** Recorded information follows **

(* Let $\mathcal L\subseteq\mathfrak P(S)$ be an algebraic lattice of sets, endowed with its Zariski topology, and let $\mathcal L_\mathrm{fin}$ be the set of its finitely generated elements. Then: (1) $\mathcal L$ with the Zariski topology is locally with maximum; (2) $\mathcal L_\mathrm{fin}$ is dense in $\mathcal L$ with respect to the constructible topology; (3) $\mathcal L_\mathrm{fin}$, with the subspace Zariski topology, is a spectral space if and only if $\mathcal L_\mathrm{fin}=\mathcal L$.
   Context: $S$ is a nonempty set. A family $\mathcal L\subseteq\mathfrak P(S)$ is an algebraic lattice of sets if it is closed under arbitrary intersections (so $S\in\mathcal L$) and under nonempty up-directed unions. For $F\subseteq S$ let $F^c$ be the intersection of all members of $\mathcal L$ containing $F$; an element $A\in\mathcal L$ is finitely generated if $A=F^c$ for some finite $F\subseteq S$. The Zariski topology on $\mathcal L$ has as basis of open sets the sets $\{A\in\mathcal L\mid G\subseteq A\}$, $G\subseteq S$ finite; with it $\mathcal L$ is a spectral space, and its specialization order is reverse inclusion. A spectral space is locally with maximum if every point has a local basis of open sets each having a maximum in the specialization order ($x\leq y$ iff $y\in\mathrm{Cl}(\{x\})$). The constructible topology is the coarsest topology in which all open quasi-compact sets are clopen. *)

theory Defs
  imports "HOL-Analysis.Analysis"
begin

definition algebraic_lattice_of_sets :: "'a set \<Rightarrow> 'a set set \<Rightarrow> bool" where
  "algebraic_lattice_of_sets S L \<longleftrightarrow>
     L \<subseteq> Pow S \<and> S \<in> L \<and>
     (\<forall>M. M \<subseteq> L \<and> M \<noteq> {} \<longrightarrow> \<Inter>M \<in> L) \<and>
     (\<forall>M. M \<subseteq> L \<and> M \<noteq> {} \<and> (\<forall>A\<in>M. \<forall>B\<in>M. \<exists>C\<in>M. A \<union> B \<subseteq> C) \<longrightarrow> \<Union>M \<in> L)"

definition lat_closure :: "'a set \<Rightarrow> 'a set set \<Rightarrow> 'a set \<Rightarrow> 'a set" where
  "lat_closure S L F = S \<inter> \<Inter>{A \<in> L. F \<subseteq> A}"

definition finitely_generated_elems :: "'a set \<Rightarrow> 'a set set \<Rightarrow> 'a set set" where
  "finitely_generated_elems S L = {A \<in> L. \<exists>F. finite F \<and> F \<subseteq> S \<and> A = lat_closure S L F}"

definition zariski_topology :: "'a set \<Rightarrow> 'a set set \<Rightarrow> 'a set topology" where
  "zariski_topology S L = topology_generated_by {{A \<in> L. G \<subseteq> A} | G. finite G \<and> G \<subseteq> S}"

definition specializes :: "'b topology \<Rightarrow> 'b \<Rightarrow> 'b \<Rightarrow> bool" where
  "specializes T x y \<longleftrightarrow> y \<in> T closure_of {x}"

definition locally_with_maximum :: "'b topology \<Rightarrow> bool" where
  "locally_with_maximum T \<longleftrightarrow>
     (\<forall>x U. openin T U \<and> x \<in> U \<longrightarrow>
        (\<exists>V. openin T V \<and> x \<in> V \<and> V \<subseteq> U \<and> (\<exists>m\<in>V. \<forall>y\<in>V. specializes T y m)))"

definition irreducible_in :: "'b topology \<Rightarrow> 'b set \<Rightarrow> bool" where
  "irreducible_in T C \<longleftrightarrow> C \<noteq> {} \<and> C \<subseteq> topspace T \<and>
     (\<forall>C1 C2. closedin T C1 \<and> closedin T C2 \<and> C \<subseteq> C1 \<union> C2 \<longrightarrow> C \<subseteq> C1 \<or> C \<subseteq> C2)"

definition spectral_space :: "'b topology \<Rightarrow> bool" where
  "spectral_space T \<longleftrightarrow>
     compact_space T \<and> t0_space T \<and>
     (\<forall>U V. openin T U \<and> compactin T U \<and> openin T V \<and> compactin T V \<longrightarrow> compactin T (U \<inter> V)) \<and>
     (\<forall>U x. openin T U \<and> x \<in> U \<longrightarrow> (\<exists>V. openin T V \<and> compactin T V \<and> x \<in> V \<and> V \<subseteq> U)) \<and>
     (\<forall>C. closedin T C \<and> irreducible_in T C \<longrightarrow> (\<exists>x\<in>C. C = T closure_of {x}))"
(* For every $X \in L^\infty$, the expectation $\mathbb{E}[X]$ is non-empty. Moreover, $\mathbb{E}[X]$ is the smallest closed ball in $\mathbb{K}$ that contains $\mathrm{supp}\, X$ (the closed support of the law of $X$); it is a closed ball of radius $\varepsilon(X)$ (a single point being regarded as a ball of radius $0$).
   Context: $\mathbb{K}$ is a local field (a locally compact, non-discrete, totally disconnected topological field) with non-archimedean absolute value $|\cdot|$ satisfying $|x|=0 \iff x=0$, $|xy|=|x||y|$ and $|x+y|\le |x|\vee|y|$; its nonzero values are the powers $q^k$, $k\in\mathbb{Z}$, for some $q=p^c$ with $p$ prime. $(\Omega,\mathcal{F},\mathbb{P})$ is a probability space and a $\mathbb{K}$-valued random variable is a measurable map into $\mathbb{K}$ with its Borel $\sigma$-field; random variables equal a.s. are identified. $L^\infty$ is the space of $\mathbb{K}$-valued random variables $X$ with $\|X\|_\infty:=\operatorname{ess\,sup}|X|<\infty$. For $X\in L^\infty$, $\varepsilon(X):=\inf\{\|X-c\|_\infty : c\in\mathbb{K}\}$ and the expectation of $X$ is the subset $\mathbb{E}[X]:=\{c\in\mathbb{K} : \|X-c\|_\infty=\varepsilon(X)\}$ of $\mathbb{K}$. *)

theory Defs
  imports "HOL-Analysis.Analysis" "HOL-Probability.Probability"
begin

text \<open>The local field K is modelled as a type 'k of sort {field, metric_space}
  whose metric is induced by a non-archimedean absolute value absv with value
  group q^Z, q = p^c, p prime.\<close>

definition local_field_absv :: "('k::{field,metric_space} \<Rightarrow> real) \<Rightarrow> real \<Rightarrow> bool" where
  "local_field_absv absv q \<longleftrightarrow>
     (\<forall>x y. dist x y = absv (x - y)) \<and>
     (\<forall>x. absv x = 0 \<longleftrightarrow> x = 0) \<and>
     (\<forall>x y. absv (x * y) = absv x * absv y) \<and>
     (\<forall>x y. absv (x + y) \<le> max (absv x) (absv y)) \<and>
     (\<exists>p c. prime (p::nat) \<and> c \<ge> (1::nat) \<and> q = real (p ^ c)) \<and>
     absv ` (UNIV - {0}) = range (\<lambda>k::int. q powi k) \<and>
     locally compact (UNIV :: 'k set) \<and>
     (\<forall>x::'k. x islimpt UNIV) \<and>
     (\<forall>S::'k set. connected S \<longrightarrow> (\<exists>a. S \<subseteq> {a}))"

definition norm_inf :: "'a measure \<Rightarrow> ('k \<Rightarrow> real) \<Rightarrow> ('a \<Rightarrow> 'k) \<Rightarrow> ereal" where
  "norm_inf M absv X = esssup M (\<lambda>\<omega>. ereal (absv (X \<omega>)))"

definition in_Linf :: "'a measure \<Rightarrow> ('k::topological_space \<Rightarrow> real) \<Rightarrow> ('a \<Rightarrow> 'k) \<Rightarrow> bool" where
  "in_Linf M absv X \<longleftrightarrow> X \<in> borel_measurable M \<and> norm_inf M absv X < \<infinity>"

definition eps_dev :: "'a measure \<Rightarrow> ('k::ab_group_add \<Rightarrow> real) \<Rightarrow> ('a \<Rightarrow> 'k) \<Rightarrow> ereal" where
  "eps_dev M absv X = (INF c. norm_inf M absv (\<lambda>\<omega>. X \<omega> - c))"

definition nexp :: "'a measure \<Rightarrow> ('k::ab_group_add \<Rightarrow> real) \<Rightarrow> ('a \<Rightarrow> 'k) \<Rightarrow> 'k set" where
  "nexp M absv X = {c. norm_inf M absv (\<lambda>\<omega>. X \<omega> - c) = eps_dev M absv X}"

definition law_support :: "'a measure \<Rightarrow> ('a \<Rightarrow> 'k::topological_space) \<Rightarrow> 'k set" where
  "law_support M X = {x. \<forall>U. open U \<longrightarrow> x \<in> U \<longrightarrow> emeasure (distr M borel X) U > 0}"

** End of Recorded information **

**What to produce**: Scan the data above for the string "imports". Copy every line in which it appears.

**Response area**:
  imports "HOL-Analysis.Analysis"
  imports "HOL-Analysis.Analysis" "HOL-Probability.Probability"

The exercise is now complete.